WORK REQUEST
Using the records below, quote only the span that opens with the line containing "in the graph the" and closes with the line containing "has the running intersection property.", exactly and inclusively.

STUDY MATERIAL
------------------------
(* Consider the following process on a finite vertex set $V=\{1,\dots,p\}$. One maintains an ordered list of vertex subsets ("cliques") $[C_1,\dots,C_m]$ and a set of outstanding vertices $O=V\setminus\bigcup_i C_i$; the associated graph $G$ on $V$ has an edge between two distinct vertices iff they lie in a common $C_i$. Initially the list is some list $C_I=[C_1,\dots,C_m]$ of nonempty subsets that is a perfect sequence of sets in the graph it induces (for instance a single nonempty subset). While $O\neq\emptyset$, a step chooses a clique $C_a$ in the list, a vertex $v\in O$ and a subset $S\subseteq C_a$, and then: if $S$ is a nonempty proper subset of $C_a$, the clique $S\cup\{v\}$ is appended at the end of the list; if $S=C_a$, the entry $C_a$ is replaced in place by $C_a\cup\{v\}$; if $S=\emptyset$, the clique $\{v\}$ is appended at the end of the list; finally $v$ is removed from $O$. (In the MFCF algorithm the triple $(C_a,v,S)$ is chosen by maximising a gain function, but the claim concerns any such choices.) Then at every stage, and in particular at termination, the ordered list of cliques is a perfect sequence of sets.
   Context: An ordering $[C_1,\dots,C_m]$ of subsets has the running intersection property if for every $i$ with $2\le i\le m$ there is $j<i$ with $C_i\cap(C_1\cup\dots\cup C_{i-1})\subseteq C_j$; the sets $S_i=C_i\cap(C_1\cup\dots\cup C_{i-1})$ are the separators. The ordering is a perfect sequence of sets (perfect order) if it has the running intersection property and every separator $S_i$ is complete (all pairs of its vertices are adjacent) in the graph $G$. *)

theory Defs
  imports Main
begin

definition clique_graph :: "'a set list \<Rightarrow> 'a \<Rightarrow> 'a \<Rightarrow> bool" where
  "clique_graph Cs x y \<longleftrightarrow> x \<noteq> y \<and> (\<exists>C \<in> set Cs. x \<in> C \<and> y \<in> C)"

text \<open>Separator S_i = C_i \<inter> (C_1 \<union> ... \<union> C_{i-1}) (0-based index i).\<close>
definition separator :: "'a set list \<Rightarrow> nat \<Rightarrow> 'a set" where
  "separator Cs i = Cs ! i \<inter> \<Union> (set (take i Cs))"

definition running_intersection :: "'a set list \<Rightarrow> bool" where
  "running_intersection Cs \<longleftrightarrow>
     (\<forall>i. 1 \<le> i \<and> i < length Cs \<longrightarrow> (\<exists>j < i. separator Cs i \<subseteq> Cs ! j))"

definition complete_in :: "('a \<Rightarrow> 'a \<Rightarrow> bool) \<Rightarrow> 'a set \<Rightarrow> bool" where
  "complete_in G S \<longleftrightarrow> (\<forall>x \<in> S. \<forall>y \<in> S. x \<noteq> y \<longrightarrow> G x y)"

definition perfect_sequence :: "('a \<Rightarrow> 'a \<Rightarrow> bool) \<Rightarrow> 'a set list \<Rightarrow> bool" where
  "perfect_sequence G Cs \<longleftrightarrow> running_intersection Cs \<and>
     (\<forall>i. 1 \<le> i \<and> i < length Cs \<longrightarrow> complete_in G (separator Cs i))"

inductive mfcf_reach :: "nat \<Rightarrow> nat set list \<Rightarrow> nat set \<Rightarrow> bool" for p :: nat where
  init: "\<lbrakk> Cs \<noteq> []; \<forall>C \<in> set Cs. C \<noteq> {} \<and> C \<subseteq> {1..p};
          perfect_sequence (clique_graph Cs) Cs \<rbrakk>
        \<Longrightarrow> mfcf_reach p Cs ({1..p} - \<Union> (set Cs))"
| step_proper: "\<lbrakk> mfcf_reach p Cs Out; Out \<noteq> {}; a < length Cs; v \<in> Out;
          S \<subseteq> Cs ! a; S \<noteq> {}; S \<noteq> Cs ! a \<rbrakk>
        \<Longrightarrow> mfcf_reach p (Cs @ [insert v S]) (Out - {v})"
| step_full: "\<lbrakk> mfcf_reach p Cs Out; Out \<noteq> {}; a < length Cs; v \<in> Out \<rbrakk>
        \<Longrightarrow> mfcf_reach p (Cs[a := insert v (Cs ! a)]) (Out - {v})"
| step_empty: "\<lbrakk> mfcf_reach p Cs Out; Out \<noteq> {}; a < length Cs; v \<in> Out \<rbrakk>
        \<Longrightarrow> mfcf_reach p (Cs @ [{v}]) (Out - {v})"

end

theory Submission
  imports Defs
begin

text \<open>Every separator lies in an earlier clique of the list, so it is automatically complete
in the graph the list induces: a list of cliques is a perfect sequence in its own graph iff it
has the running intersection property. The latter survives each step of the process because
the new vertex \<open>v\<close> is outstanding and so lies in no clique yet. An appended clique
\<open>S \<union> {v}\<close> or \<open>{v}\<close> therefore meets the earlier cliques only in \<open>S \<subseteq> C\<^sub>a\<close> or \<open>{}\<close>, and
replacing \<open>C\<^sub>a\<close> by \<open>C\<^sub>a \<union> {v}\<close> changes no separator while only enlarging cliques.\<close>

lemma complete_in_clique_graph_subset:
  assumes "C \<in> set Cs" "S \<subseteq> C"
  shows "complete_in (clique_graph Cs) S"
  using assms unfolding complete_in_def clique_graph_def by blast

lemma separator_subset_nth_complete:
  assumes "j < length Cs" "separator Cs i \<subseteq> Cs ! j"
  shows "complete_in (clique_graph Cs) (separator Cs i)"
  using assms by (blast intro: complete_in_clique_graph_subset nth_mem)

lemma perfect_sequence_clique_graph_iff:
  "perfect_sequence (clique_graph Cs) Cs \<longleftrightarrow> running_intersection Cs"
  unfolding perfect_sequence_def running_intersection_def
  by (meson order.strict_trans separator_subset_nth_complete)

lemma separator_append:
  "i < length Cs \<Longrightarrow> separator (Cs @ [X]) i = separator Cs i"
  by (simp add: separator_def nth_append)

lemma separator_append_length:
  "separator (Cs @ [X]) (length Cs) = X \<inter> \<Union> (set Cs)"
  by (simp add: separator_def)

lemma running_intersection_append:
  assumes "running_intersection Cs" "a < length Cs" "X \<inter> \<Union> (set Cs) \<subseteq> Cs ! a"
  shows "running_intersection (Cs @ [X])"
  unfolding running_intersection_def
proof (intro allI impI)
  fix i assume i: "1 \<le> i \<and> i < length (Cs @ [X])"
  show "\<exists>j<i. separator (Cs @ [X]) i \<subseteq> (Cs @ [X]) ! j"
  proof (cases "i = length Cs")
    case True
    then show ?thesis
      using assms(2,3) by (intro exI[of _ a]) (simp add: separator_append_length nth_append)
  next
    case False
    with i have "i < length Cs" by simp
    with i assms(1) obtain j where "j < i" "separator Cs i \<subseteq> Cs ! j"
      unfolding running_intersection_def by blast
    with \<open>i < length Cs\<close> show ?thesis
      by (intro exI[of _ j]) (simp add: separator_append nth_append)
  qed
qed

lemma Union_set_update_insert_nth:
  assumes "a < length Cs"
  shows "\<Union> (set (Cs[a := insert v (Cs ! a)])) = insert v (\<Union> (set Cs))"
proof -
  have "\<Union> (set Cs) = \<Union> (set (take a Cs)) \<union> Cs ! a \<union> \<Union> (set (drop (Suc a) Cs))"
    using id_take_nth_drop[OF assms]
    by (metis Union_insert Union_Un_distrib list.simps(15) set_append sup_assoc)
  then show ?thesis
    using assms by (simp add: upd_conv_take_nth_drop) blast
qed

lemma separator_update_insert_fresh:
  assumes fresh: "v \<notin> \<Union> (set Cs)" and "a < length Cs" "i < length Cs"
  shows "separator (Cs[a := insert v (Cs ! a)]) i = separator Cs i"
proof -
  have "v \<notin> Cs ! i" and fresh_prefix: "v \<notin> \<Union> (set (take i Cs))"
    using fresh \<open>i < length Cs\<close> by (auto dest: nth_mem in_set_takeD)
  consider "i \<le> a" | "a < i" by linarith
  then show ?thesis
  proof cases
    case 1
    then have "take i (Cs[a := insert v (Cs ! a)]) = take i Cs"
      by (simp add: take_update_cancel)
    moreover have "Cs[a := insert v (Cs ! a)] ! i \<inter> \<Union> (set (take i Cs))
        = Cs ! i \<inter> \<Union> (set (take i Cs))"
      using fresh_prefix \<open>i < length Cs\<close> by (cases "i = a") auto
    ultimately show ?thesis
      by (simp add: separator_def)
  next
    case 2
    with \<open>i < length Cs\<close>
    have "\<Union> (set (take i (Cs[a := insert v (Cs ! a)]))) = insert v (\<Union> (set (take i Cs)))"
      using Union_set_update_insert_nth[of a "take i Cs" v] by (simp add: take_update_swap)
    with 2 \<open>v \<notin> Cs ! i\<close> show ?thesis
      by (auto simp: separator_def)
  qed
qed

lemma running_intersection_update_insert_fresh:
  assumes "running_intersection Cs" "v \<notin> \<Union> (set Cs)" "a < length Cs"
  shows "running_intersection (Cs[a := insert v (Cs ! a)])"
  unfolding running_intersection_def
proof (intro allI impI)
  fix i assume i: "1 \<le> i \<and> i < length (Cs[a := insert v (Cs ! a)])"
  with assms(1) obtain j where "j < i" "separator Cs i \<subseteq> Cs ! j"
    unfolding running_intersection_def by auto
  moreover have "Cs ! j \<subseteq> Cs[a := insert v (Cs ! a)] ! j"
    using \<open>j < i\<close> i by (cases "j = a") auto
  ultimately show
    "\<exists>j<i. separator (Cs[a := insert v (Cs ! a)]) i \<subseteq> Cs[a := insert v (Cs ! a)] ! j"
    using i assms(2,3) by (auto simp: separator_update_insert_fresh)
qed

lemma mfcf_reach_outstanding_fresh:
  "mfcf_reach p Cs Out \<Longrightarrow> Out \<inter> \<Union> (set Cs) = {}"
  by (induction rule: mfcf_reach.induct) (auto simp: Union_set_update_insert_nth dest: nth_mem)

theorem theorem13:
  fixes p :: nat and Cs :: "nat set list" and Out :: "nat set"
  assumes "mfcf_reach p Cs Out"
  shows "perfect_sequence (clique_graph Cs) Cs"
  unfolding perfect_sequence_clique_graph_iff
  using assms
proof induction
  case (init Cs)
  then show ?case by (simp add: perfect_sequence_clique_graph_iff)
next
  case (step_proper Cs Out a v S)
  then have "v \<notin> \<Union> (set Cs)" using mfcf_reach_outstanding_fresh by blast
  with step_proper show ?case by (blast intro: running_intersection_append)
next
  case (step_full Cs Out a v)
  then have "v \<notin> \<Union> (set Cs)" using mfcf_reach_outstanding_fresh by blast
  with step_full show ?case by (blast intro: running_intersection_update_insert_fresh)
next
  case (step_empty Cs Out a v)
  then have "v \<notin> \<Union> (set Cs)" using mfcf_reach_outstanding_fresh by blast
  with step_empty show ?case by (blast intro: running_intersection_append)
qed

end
------------------------
PROBLEM SOLUTION
in the graph the list induces: a list of cliques is a perfect sequence in its own graph iff it
has the running intersection property. The latter survives each step of the process because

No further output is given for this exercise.